Exercise requirements: Reproduce the records below exactly as given.

Supplied material:
(* Let $\mathbf A$ be a t-algebra of type $\tau$ and trace $\mathsf a$, $X$ a set, and $u_1,u_2\in T_\tau(X)$. Then $\alpha(u_1)=\alpha(u_2)$ for every weak homomorphism $\alpha:\mathcal T_\tau(X)\to\mathbf A^{(\mathsf a)}$ if and only if $\beta(u_1)=\beta(u_2)$ for every strong homomorphism $\beta:\mathcal T_\tau(X)\to\mathbf A^{(\mathsf a)}$.
   Context: $\mathbb N=\{1,2,\dots\}$. A thread on a set $A$ is $s=(s_i)_{i\in\mathbb N}\in A^{\mathbb N}$; for a thread $r$ and $a_1,\dots,a_n\in A$, $r[a_1,\dots,a_n]$ is the thread with $i$-th entry $a_i$ for $i\le n$ and $r_i$ for $i>n$. Write $r\equiv_{\mathbb N}s$ iff $\{i:r_i\ne s_i\}$ is finite; $[s]_{\mathbb N}$ is the class of $s$. A trace on $A$ is a nonempty $\mathsf a\subseteq A^{\mathbb N}$ that is a union of $\equiv_{\mathbb N}$-classes. For a set $\tau$ of operation symbols, a t-algebra of type $\tau$ and trace $\mathsf a$ is $\mathbf A=(A,\mathsf a,\sigma^{\mathbf A})_{\sigma\in\tau}$ with $\mathsf a$ a trace on $A$ and each $\sigma^{\mathbf A}:\mathsf a\to A$ an arbitrary map. Clone $\tau$-algebras: algebras $(C,q_n,\mathsf e_i,\sigma)_{n\ge0,i\ge1,\sigma\in\tau}$ ($\mathsf e_i,\sigma$ constants, $q_n$ of arity $n+1$) satisfying (C1) $q_n(\mathsf e_i,x_1,\dots,x_n)=x_i$ ($i\le n$); (C2) $q_n(\mathsf e_j,x_1,\dots,x_n)=\mathsf e_j$ ($j>n$); (C3) $q_n(x,\mathsf e_1,\dots,\mathsf e_n)=x$; (C4) $q_n(x,\bar y)=q_k(x,\bar y,\mathsf e_{n+1},\dots,\mathsf e_k)$ ($k>n$); (C5) $q_n(q_n(x,\bar y),\bar z)=q_n(x,q_n(y_1,\bar z),\dots,q_n(y_n,\bar z))$. The full functional clone $\tau$-algebra $\mathbf A^{(\mathsf a)}$ has universe the set $A^{\mathsf a}$ of all maps $\mathsf a\to A$, with $\mathsf e_i(s)=s_i$, $q_n(\varphi,\psi_1,\dots,\psi_n)(s)=\varphi(s[\psi_1(s),\dots,\psi_n(s)])$ and constant $\sigma$ interpreted as $\sigma^{\mathbf A}$; it is a clone $\tau$-algebra. $T_\tau(X)$ ($\tau$-hyperterms over $X$, $X\cap\tau=\emptyset$) is the least set containing $\mathsf e_1,\mathsf e_2,\dots$ and $w(t_1,\dots,t_n,\mathsf e_{n+1},\mathsf e_{n+2},\dots)$ for $w\in\tau\cup X$, $n\ge0$, $t_i\in T_\tau(X)$; it carries the structure of the free clone $\tau$-algebra $\mathcal T_\tau(X)$ over $X$ (each $x\in X$ identified with $x(\mathsf e_1,\mathsf e_2,\dots)$), with $q_n$ acting as simultaneous substitution of the $i$-th argument for $\mathsf e_i$, $i\le n$. A homomorphism of clone $\tau$-algebras $\alpha:\mathcal T_\tau(X)\to\mathbf A^{(\mathsf a)}$ is weak if $\alpha(x)$ is a constant map for every $x\in X$, and strong if $\alpha(x)$ is semiconstant for every $x\in X$, where $\varphi:\mathsf a\to A$ is semiconstant if $r\equiv_{\mathbb N}s$ implies $\varphi(r)=\varphi(s)$ for $r,s\in\mathsf a$. *)

theory Defs
  imports "HOL-Library.FuncSet"
begin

Finished exercise:
(* Let $\mathbf A$ be a t-algebra of type $\tau$ and trace $\mathsf a$, $X$ a set, and $u_1,u_2\in T_\tau(X)$. Then $\alpha(u_1)=\alpha(u_2)$ for every weak homomorphism $\alpha:\mathcal T_\tau(X)\to\mathbf A^{(\mathsf a)}$ if and only if $\beta(u_1)=\beta(u_2)$ for every strong homomorphism $\beta:\mathcal T_\tau(X)\to\mathbf A^{(\mathsf a)}$.
   Context: $\mathbb N=\{1,2,\dots\}$. A thread on a set $A$ is $s=(s_i)_{i\in\mathbb N}\in A^{\mathbb N}$; for a thread $r$ and $a_1,\dots,a_n\in A$, $r[a_1,\dots,a_n]$ is the thread with $i$-th entry $a_i$ for $i\le n$ and $r_i$ for $i>n$. Write $r\equiv_{\mathbb N}s$ iff $\{i:r_i\ne s_i\}$ is finite; $[s]_{\mathbb N}$ is the class of $s$. A trace on $A$ is a nonempty $\mathsf a\subseteq A^{\mathbb N}$ that is a union of $\equiv_{\mathbb N}$-classes. For a set $\tau$ of operation symbols, a t-algebra of type $\tau$ and trace $\mathsf a$ is $\mathbf A=(A,\mathsf a,\sigma^{\mathbf A})_{\sigma\in\tau}$ with $\mathsf a$ a trace on $A$ and each $\sigma^{\mathbf A}:\mathsf a\to A$ an arbitrary map. Clone $\tau$-algebras: algebras $(C,q_n,\mathsf e_i,\sigma)_{n\ge0,i\ge1,\sigma\in\tau}$ ($\mathsf e_i,\sigma$ constants, $q_n$ of arity $n+1$) satisfying (C1) $q_n(\mathsf e_i,x_1,\dots,x_n)=x_i$ ($i\le n$); (C2) $q_n(\mathsf e_j,x_1,\dots,x_n)=\mathsf e_j$ ($j>n$); (C3) $q_n(x,\mathsf e_1,\dots,\mathsf e_n)=x$; (C4) $q_n(x,\bar y)=q_k(x,\bar y,\mathsf e_{n+1},\dots,\mathsf e_k)$ ($k>n$); (C5) $q_n(q_n(x,\bar y),\bar z)=q_n(x,q_n(y_1,\bar z),\dots,q_n(y_n,\bar z))$. The full functional clone $\tau$-algebra $\mathbf A^{(\mathsf a)}$ has universe the set $A^{\mathsf a}$ of all maps $\mathsf a\to A$, with $\mathsf e_i(s)=s_i$, $q_n(\varphi,\psi_1,\dots,\psi_n)(s)=\varphi(s[\psi_1(s),\dots,\psi_n(s)])$ and constant $\sigma$ interpreted as $\sigma^{\mathbf A}$; it is a clone $\tau$-algebra. $T_\tau(X)$ ($\tau$-hyperterms over $X$, $X\cap\tau=\emptyset$) is the least set containing $\mathsf e_1,\mathsf e_2,\dots$ and $w(t_1,\dots,t_n,\mathsf e_{n+1},\mathsf e_{n+2},\dots)$ for $w\in\tau\cup X$, $n\ge0$, $t_i\in T_\tau(X)$; it carries the structure of the free clone $\tau$-algebra $\mathcal T_\tau(X)$ over $X$ (each $x\in X$ identified with $x(\mathsf e_1,\mathsf e_2,\dots)$), with $q_n$ acting as simultaneous substitution of the $i$-th argument for $\mathsf e_i$, $i\le n$. A homomorphism of clone $\tau$-algebras $\alpha:\mathcal T_\tau(X)\to\mathbf A^{(\mathsf a)}$ is weak if $\alpha(x)$ is a constant map for every $x\in X$, and strong if $\alpha(x)$ is semiconstant for every $x\in X$, where $\varphi:\mathsf a\to A$ is semiconstant if $r\equiv_{\mathbb N}s$ implies $\varphi(r)=\varphi(s)$ for $r,s\in\mathsf a$. *)

theory Defs
  imports "HOL-Library.FuncSet"
begin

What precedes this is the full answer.